── Source data ──

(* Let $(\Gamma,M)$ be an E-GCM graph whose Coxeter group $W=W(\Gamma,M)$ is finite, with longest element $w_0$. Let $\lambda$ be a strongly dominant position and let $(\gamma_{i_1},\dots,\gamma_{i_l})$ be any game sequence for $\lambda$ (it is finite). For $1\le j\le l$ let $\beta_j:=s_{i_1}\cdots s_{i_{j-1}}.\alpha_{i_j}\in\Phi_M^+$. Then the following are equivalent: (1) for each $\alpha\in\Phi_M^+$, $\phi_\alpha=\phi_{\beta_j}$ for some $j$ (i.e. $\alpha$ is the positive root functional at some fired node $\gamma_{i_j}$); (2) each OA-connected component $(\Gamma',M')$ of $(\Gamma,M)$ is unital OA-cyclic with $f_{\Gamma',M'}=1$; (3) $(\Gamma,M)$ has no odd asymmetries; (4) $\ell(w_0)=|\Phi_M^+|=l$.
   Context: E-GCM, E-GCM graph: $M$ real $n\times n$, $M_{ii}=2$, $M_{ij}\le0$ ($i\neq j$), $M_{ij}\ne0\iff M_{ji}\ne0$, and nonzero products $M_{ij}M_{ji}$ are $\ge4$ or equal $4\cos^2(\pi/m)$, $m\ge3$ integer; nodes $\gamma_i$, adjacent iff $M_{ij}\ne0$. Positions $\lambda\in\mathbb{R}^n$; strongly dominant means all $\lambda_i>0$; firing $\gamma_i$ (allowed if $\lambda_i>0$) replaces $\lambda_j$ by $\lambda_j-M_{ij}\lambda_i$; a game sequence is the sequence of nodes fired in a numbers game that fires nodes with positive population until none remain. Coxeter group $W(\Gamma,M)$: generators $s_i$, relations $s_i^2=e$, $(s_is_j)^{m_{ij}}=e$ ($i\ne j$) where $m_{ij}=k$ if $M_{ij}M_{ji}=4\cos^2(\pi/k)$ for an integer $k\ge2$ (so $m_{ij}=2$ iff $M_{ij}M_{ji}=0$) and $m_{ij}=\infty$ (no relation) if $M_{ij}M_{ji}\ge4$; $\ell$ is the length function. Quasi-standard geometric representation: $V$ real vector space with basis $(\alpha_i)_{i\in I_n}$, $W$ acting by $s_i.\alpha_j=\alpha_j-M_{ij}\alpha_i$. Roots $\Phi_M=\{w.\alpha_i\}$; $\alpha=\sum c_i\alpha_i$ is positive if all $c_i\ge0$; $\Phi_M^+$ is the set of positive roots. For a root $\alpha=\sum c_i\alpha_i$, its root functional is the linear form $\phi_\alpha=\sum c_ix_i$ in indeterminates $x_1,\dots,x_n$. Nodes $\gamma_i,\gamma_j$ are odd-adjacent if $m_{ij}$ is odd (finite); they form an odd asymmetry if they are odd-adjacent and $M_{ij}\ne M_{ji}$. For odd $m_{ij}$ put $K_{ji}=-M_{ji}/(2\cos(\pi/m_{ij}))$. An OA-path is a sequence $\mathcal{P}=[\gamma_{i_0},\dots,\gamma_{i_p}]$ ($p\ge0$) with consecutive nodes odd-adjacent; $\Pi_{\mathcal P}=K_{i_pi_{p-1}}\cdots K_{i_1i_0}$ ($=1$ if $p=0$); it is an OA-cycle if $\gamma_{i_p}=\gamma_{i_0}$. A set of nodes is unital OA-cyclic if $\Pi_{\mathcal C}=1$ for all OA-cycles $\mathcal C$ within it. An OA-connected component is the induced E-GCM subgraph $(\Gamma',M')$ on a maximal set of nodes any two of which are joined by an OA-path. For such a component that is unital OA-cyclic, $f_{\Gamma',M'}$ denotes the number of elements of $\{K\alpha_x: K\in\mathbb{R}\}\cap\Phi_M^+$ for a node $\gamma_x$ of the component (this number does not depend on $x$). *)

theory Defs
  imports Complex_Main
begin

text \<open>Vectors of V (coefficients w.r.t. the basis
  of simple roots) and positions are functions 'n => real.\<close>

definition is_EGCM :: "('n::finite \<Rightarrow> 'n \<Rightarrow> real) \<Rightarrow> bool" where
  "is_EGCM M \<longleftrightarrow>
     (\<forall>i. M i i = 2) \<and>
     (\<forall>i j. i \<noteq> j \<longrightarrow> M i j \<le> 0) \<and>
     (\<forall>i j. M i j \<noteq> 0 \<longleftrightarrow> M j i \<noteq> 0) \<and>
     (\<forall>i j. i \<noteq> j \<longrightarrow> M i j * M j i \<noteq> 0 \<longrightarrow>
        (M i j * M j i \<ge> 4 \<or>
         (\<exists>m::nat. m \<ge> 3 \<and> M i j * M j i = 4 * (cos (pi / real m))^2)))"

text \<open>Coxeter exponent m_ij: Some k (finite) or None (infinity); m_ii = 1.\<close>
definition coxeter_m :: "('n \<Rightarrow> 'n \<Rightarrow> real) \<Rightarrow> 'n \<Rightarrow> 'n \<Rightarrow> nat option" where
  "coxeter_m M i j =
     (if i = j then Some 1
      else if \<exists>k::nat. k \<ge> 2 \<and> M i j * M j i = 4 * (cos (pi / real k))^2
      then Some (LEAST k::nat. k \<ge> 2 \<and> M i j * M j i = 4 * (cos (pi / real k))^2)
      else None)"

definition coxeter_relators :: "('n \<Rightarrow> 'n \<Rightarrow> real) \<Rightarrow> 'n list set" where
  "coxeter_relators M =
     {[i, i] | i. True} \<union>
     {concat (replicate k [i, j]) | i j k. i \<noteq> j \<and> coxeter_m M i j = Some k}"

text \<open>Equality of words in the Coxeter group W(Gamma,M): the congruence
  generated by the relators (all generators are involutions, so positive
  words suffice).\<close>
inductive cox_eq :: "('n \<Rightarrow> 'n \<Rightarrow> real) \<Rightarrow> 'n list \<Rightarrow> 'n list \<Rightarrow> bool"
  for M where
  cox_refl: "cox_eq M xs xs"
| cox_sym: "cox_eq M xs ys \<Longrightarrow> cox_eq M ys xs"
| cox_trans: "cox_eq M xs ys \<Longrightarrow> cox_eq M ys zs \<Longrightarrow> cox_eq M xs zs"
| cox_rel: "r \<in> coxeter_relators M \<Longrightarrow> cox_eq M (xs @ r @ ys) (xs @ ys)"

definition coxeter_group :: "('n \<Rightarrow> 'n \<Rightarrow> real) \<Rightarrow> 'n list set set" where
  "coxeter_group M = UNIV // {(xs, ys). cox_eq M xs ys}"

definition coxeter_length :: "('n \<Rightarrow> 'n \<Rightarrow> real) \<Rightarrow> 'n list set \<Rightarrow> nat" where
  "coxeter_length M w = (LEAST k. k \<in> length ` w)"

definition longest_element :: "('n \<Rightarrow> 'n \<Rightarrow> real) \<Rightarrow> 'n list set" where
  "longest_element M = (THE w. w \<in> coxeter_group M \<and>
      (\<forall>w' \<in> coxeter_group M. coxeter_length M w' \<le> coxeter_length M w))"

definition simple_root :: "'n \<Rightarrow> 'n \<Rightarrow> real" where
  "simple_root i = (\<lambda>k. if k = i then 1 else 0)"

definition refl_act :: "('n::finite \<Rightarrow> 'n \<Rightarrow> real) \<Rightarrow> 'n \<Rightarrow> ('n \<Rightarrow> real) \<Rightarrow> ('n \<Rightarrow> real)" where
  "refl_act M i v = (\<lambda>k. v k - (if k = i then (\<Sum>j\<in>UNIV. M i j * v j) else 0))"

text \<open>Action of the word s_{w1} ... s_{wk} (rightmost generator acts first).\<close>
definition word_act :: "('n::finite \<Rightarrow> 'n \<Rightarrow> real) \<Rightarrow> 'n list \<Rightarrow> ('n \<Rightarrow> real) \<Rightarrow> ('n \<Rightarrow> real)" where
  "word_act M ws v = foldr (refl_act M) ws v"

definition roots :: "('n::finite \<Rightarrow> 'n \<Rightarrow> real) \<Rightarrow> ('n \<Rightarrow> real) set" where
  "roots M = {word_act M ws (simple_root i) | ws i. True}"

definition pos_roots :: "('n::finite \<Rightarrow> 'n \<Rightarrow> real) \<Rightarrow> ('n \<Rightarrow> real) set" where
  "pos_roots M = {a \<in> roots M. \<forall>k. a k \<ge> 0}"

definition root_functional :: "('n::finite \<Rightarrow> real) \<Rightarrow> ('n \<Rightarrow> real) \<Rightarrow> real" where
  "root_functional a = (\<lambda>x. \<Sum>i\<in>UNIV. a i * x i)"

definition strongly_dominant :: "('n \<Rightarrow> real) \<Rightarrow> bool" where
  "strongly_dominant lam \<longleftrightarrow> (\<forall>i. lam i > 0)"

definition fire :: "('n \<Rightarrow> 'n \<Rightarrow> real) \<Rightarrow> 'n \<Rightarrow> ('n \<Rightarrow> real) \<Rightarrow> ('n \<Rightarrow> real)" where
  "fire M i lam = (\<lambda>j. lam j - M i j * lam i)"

───

Directions –
Of all the entries above, repeat only the lines from the line that has "ys zs \<Longrightarrow>" to the line that has "ys). cox_eq M", both lines included, exactly.

Solved exercise –
| cox_trans: "cox_eq M xs ys \<Longrightarrow> cox_eq M ys zs \<Longrightarrow> cox_eq M xs zs"
| cox_rel: "r \<in> coxeter_relators M \<Longrightarrow> cox_eq M (xs @ r @ ys) (xs @ ys)"

definition coxeter_group :: "('n \<Rightarrow> 'n \<Rightarrow> real) \<Rightarrow> 'n list set set" where
  "coxeter_group M = UNIV // {(xs, ys). cox_eq M xs ys}"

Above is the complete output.